Have your HR department calculate the percentage of your employees nearing retirement. Depending upon your total headcount, this ratio could cause a ripple or a massive tidal wave. Regardless, organizations have to be proactive and plan for the imminent consequences--because after someone retires or leaves, it's too late.
To add to the sense of urgency, odds are, the employees who fit into this retirement bucket have also moved up your org chart. They not only hold leadership positions, but an invaluable amount of information--tricks of the trade, wisdom, and advice that, if left unspoken, could retire along with your employees.
One of the many challenges facing organizations regarding the silver wave of retirement is facilitating this knowledge transfer. Here are tips to speed up the process:
1. Provide backup training and encourage documentation
Aka the "hit by a bus" plan. If someone leaves unexpectedly, their role and responsibilities should be documented. If you haven't already, conduct job assessments and identify the major tasks and responsibilities of your key constituents. For every MAJOR function, the incumbent should develop guides to coach newbies through the process. By systematizing jobs, you'll have a much easier time duplicating them.
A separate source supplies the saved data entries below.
lemma locally_lipschitz_on_diff:
  fixes f g :: "'a::metric_space \<Rightarrow> 'b::real_normed_vector"
  assumes f: "locally_lipschitz_on S f" and g: "locally_lipschitz_on S g"
  shows "locally_lipschitz_on S (\<lambda>x. f x - g x)"
  unfolding locally_lipschitz_on_def
proof
  fix x assume "x \<in> S"
  obtain U L where U: "open U" "x \<in> U" "L-lipschitz_on (U \<inter> S) f"
    using f \<open>x \<in> S\<close> unfolding locally_lipschitz_on_def by blast
  obtain V M where V: "open V" "x \<in> V" "M-lipschitz_on (V \<inter> S) g"
    using g \<open>x \<in> S\<close> unfolding locally_lipschitz_on_def by blast
  have "(L + M)-lipschitz_on ((U \<inter> V) \<inter> S) (\<lambda>y. f y - g y)"
    using U(3) V(3) by (intro lipschitz_on_diff) (auto intro: lipschitz_on_subset)
  then show "\<exists>W K. open W \<and> x \<in> W \<and> K-lipschitz_on (W \<inter> S) (\<lambda>y. f y - g y)"
    using U(1,2) V(1,2) by blast
qed

subsection \<open>Functions of one real variable with derivative zero almost everywhere\<close>

lemma negligible_image_zero_derivative:
  fixes F :: "real \<Rightarrow> real"
  assumes der: "\<And>t. t \<in> Z \<Longrightarrow> (F has_real_derivative 0) (at t within Z)"
  shows "negligible (F ` Z)"
proof -
  txt \<open>\<open>baby_Sard\<close> is stated for maps between spaces \<open>real^'m\<close>, so transport \<open>F\<close> along \<open>vec\<close>.\<close>
  let ?G = "\<lambda>x::real^1. vec (F (x $ 1)) :: real^1"
  have "(?G has_derivative (\<lambda>_. 0)) (at x within vec ` Z)" if "x \<in> vec ` Z" for x
  proof -
    obtain t where t: "t \<in> Z" "x = vec t"
      using \<open>x \<in> vec ` Z\<close> by blast
    have "(\<lambda>x::real. x * 0) = (*) 0"
      by (simp add: fun_eq_iff)
    then have "(F has_derivative (\<lambda>x. x * 0)) (at t within Z)"
      using der[OF t(1)] by (simp only: has_field_derivative_def)
    moreover have "(*\<^sub>R) (0::real) = (\<lambda>_::real^1. 0::real^1)"
      by (simp add: fun_eq_iff)
    ultimately show ?thesis
      using has_derivative_vector_1[of F "\<lambda>_. 0"] t by simp
  qed
  moreover have "matrix (\<lambda>_::real^1. 0::real^1) = 0"
    by (simp add: matrix_def vec_eq_iff)
  ultimately have "negligible (?G ` vec ` Z)"
    by (intro baby_Sard[where f' = "\<lambda>_ _. 0"]) auto
  then have "negligible (vec ` F ` Z :: (real^1) set)"
    by (simp add: image_image)
  then have "negligible ((\<lambda>v::real^1. v $ 1) ` vec ` F ` Z)"
    by (rule negligible_differentiable_image_negligible[rotated])
       (auto intro: bounded_linear_imp_differentiable_on)
  then show ?thesis
    by (simp add: image_image)
qed

lemma continuous_on_negligible_image_const:
  fixes F :: "real \<Rightarrow> real"
  assumes "a \<le> b" "continuous_on {a..b} F" "negligible (F ` {a..b})"
  shows "F b = F a"
proof -
  have "is_interval (F ` {a..b})"
    using assms(2) by (simp add: is_interval_connected_1 connected_continuous_image)
  then have "closed_segment (F a) (F b) \<subseteq> F ` {a..b}"
    using assms(1) by (intro convex_contains_segment[THEN iffD1, rule_format])
                      (auto simp: is_interval_convex_1)
  then have "negligible (closed_segment (F a) (F b))"
    using assms(3) negligible_subset by blast
  then have "open_segment (F a) (F b) = {}"
    by (simp add: negligible_convex_interior interior_closed_segment)
  then show ?thesis
    by simp
qed

lemma locally_lipschitz_on_ae_zero_derivative_const:
  fixes F :: "real \<Rightarrow> real"
  assumes "a \<le> b" and lip: "locally_lipschitz_on {a..b} F"
    and "AE t in lborel. t \<in> {a..b} \<longrightarrow> (F has_real_derivative 0) (at t within {a..b})"
  shows "F b = F a"
proof -
  from assms(3) obtain N where N: "N \<in> null_sets lborel"
    and "{t \<in> space lborel. \<not> (t \<in> {a..b} \<longrightarrow> (F has_real_derivative 0) (at t within {a..b}))} \<subseteq> N"
    by (rule AE_E) blast
  then have der: "\<And>t. t \<in> {a..b} - N \<Longrightarrow> (F has_real_derivative 0) (at t within {a..b})"
    by auto
  have "negligible (F ` ({a..b} - N))"
    by (rule negligible_image_zero_derivative) (metis Diff_subset der has_field_derivative_subset)
  moreover have "negligible (F ` ({a..b} \<inter> N))"
  proof (rule negligible_locally_Lipschitz_image)
    show "negligible ({a..b} \<inter> N)"
      using N by (metis negligible_iff_null_sets null_sets_completionI negligible_subset Int_lower2)
    fix t assume "t \<in> {a..b} \<inter> N"
    then obtain U L where "open U" "t \<in> U" "L-lipschitz_on (U \<inter> {a..b}) F"
      using lip unfolding locally_lipschitz_on_def by blast
    then show "\<exists>T B. open T \<and> t \<in> T \<and> (\<forall>s\<in>{a..b} \<inter> N \<inter> T. norm (F s - F t) \<le> B * norm (s - t))"
      using \<open>t \<in> {a..b} \<inter> N\<close> by (intro exI[of _ U] exI[of _ L]) (auto simp: lipschitz_on_def dist_norm)
  qed simp
  ultimately have "negligible (F ` {a..b})"
    by (metis Int_Diff_Un image_Un negligible_Un)
  then show ?thesis
    using assms(1) lip by (intro continuous_on_negligible_image_const locally_lipschitz_on_imp_continuous_on)
qed

lemma diff_linear_constant_along_lipschitz_path:
  fixes h :: "real \<Rightarrow> 'a::real_normed_vector" and f A :: "'a \<Rightarrow> real"
  assumes "bounded_linear A" "locally_lipschitz_on E f" "L-lipschitz_on {0..1} h" "h ` {0..1} \<subseteq> E"
    and "AE t in lborel. t \<in> {0..1} \<longrightarrow>
           (\<exists>v. (h has_vector_derivative v) (at t within {0..1}) \<and>
                ((\<lambda>s. f (h s)) has_real_derivative A v) (at t within {0..1}))"
  shows "f (h 1) - A (h 1) = f (h 0) - A (h 0)"
proof (rule locally_lipschitz_on_ae_zero_derivative_const[where F = "\<lambda>s. f (h s) - A (h s)"])
  have h: "locally_lipschitz_on {0..1} h"
    using assms(3) by (rule lipschitz_on_imp_locally_lipschitz_on)
  have "locally_lipschitz_on {0..1} (\<lambda>s. f (h s))"
    using assms(2) h assms(4) by (rule locally_lipschitz_on_compose)
  moreover have "locally_lipschitz_on {0..1} (\<lambda>s. A (h s))"
    using bounded_linear_imp_locally_lipschitz_on[OF assms(1)] h subset_UNIV
    by (rule locally_lipschitz_on_compose)
  ultimately show "locally_lipschitz_on {0..1} (\<lambda>s. f (h s) - A (h s))"
    by (rule locally_lipschitz_on_diff)
  have deriv: "((\<lambda>s. f (h s) - A (h s)) has_real_derivative 0) (at t within {0..1})"
    if "(h has_vector_derivative v) (at t within {0..1})"
      "((\<lambda>s. f (h s)) has_real_derivative A v) (at t within {0..1})" for t v
  proof -
    have "((\<lambda>s. A (h s)) has_real_derivative A v) (at t within {0..1})"
      using bounded_linear.has_vector_derivative[OF assms(1) that(1)]
      by (simp add: has_real_derivative_iff_has_vector_derivative)
    from DERIV_diff[OF that(2) this] show ?thesis
      by simp
  qed
  show "AE t in lborel. t \<in> {0..1} \<longrightarrow>
      ((\<lambda>s. f (h s) - A (h s)) has_real_derivative 0) (at t within {0..1})"
    using assms(5) by eventually_elim (use deriv in blast)
qed simp

subsection \<open>Lipschitz reparametrization of rectifiable paths\<close>

lemma norm_diff_le_from_interior:
  fixes g :: "real \<Rightarrow> 'a::real_normed_vector"
  assumes cont: "continuous_on {a..b} g" and "a < b"
    and bd: "\<And>s s'. a < s' \<Longrightarrow> s' \<le> s \<Longrightarrow> s < b \<Longrightarrow> norm (g s - g s') \<le> c"
  shows "norm (g b - g a) \<le> c"
proof -
  have right: "norm (g b - g s') \<le> c" if "a < s'" "s' < b" for s'
  proof (rule continuous_on_closure_norm_le[of "{s'..<b}" "\<lambda>s. g s - g s'"])
    show "continuous_on (closure {s'..<b}) (\<lambda>s. g s - g s')"
      using that by (auto intro!: continuous_intros continuous_on_subset[OF cont])
  qed (use bd that in auto)
  show ?thesis
  proof (rule continuous_on_closure_norm_le[of "{a<..<b}" "\<lambda>s. g b - g s"])
    show "continuous_on (closure {a<..<b}) (\<lambda>s. g b - g s)"
      using \<open>a < b\<close> by (auto intro!: continuous_intros continuous_on_subset[OF cont])
  qed (use right \<open>a < b\<close> in auto)
qed

text \<open>Only meaningful for \<open>c \<le> \<phi> 1\<close>; otherwise the set is empty and \<open>Inf {}\<close> is unspecified.\<close>

definition first_reach :: "(real \<Rightarrow> real) \<Rightarrow> real \<Rightarrow> real" where
  "first_reach \<phi> c = Inf {t \<in> {0..1}. c \<le> \<phi> t}"

lemma bdd_below_reach_set: "bdd_below {t \<in> {0..1::real}. c \<le> \<phi> t}"
  by (auto simp: bdd_below_def)

lemma first_reach_in_unit:
  assumes "c \<le> \<phi> 1"
  shows "first_reach \<phi> c \<in> {0..1}"
proof -
  have "1 \<in> {t \<in> {0..1}. c \<le> \<phi> t}"
    using assms by simp
  then have "0 \<le> first_reach \<phi> c \<and> first_reach \<phi> c \<le> 1"
    unfolding first_reach_def by (auto intro: cInf_lower cInf_greatest bdd_below_reach_set)
  then show ?thesis
    by simp
qed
2. Identify the core competencies that contributed to your retiree's success
Examples could include productivity, customer focus, relationship building, or detail orientation. Whatever they may be, pinpoint them and train, train, train. Make sure that the traits of your successful employees are defined and passed down.
3. Develop processes that lend themselves to knowledge sharing
You could implement a mentorship/buddy program, promote job-shadowing, leverage your internal L&D department to curate educational content, or facilitate internal networking initiatives. Put an emphasis on relationship building, learning, and collaboration. Better yet, invest in tools that elicit teamwork. At Welltower, we use programs like WebEx, Trello, and Chatter.
4. Encourage your tenured employees to delegate tasks
As your employees progress, they should have less technical tasks and more people development responsibilities. Everything that can be should be delegated. Leaders must seek to scale themselves through their people and should be rewarded for doing so.
5. Maximize the use of your information systems
One of the greatest benefits of information systems is the automation of processes and the safeguards that protect them. By providing system training, organizations simultaneously teach years of process design. If you have systems, use them.
It may not be convenient, but preparing your organization for retirement is necessary. It turns brain drain into brain gain.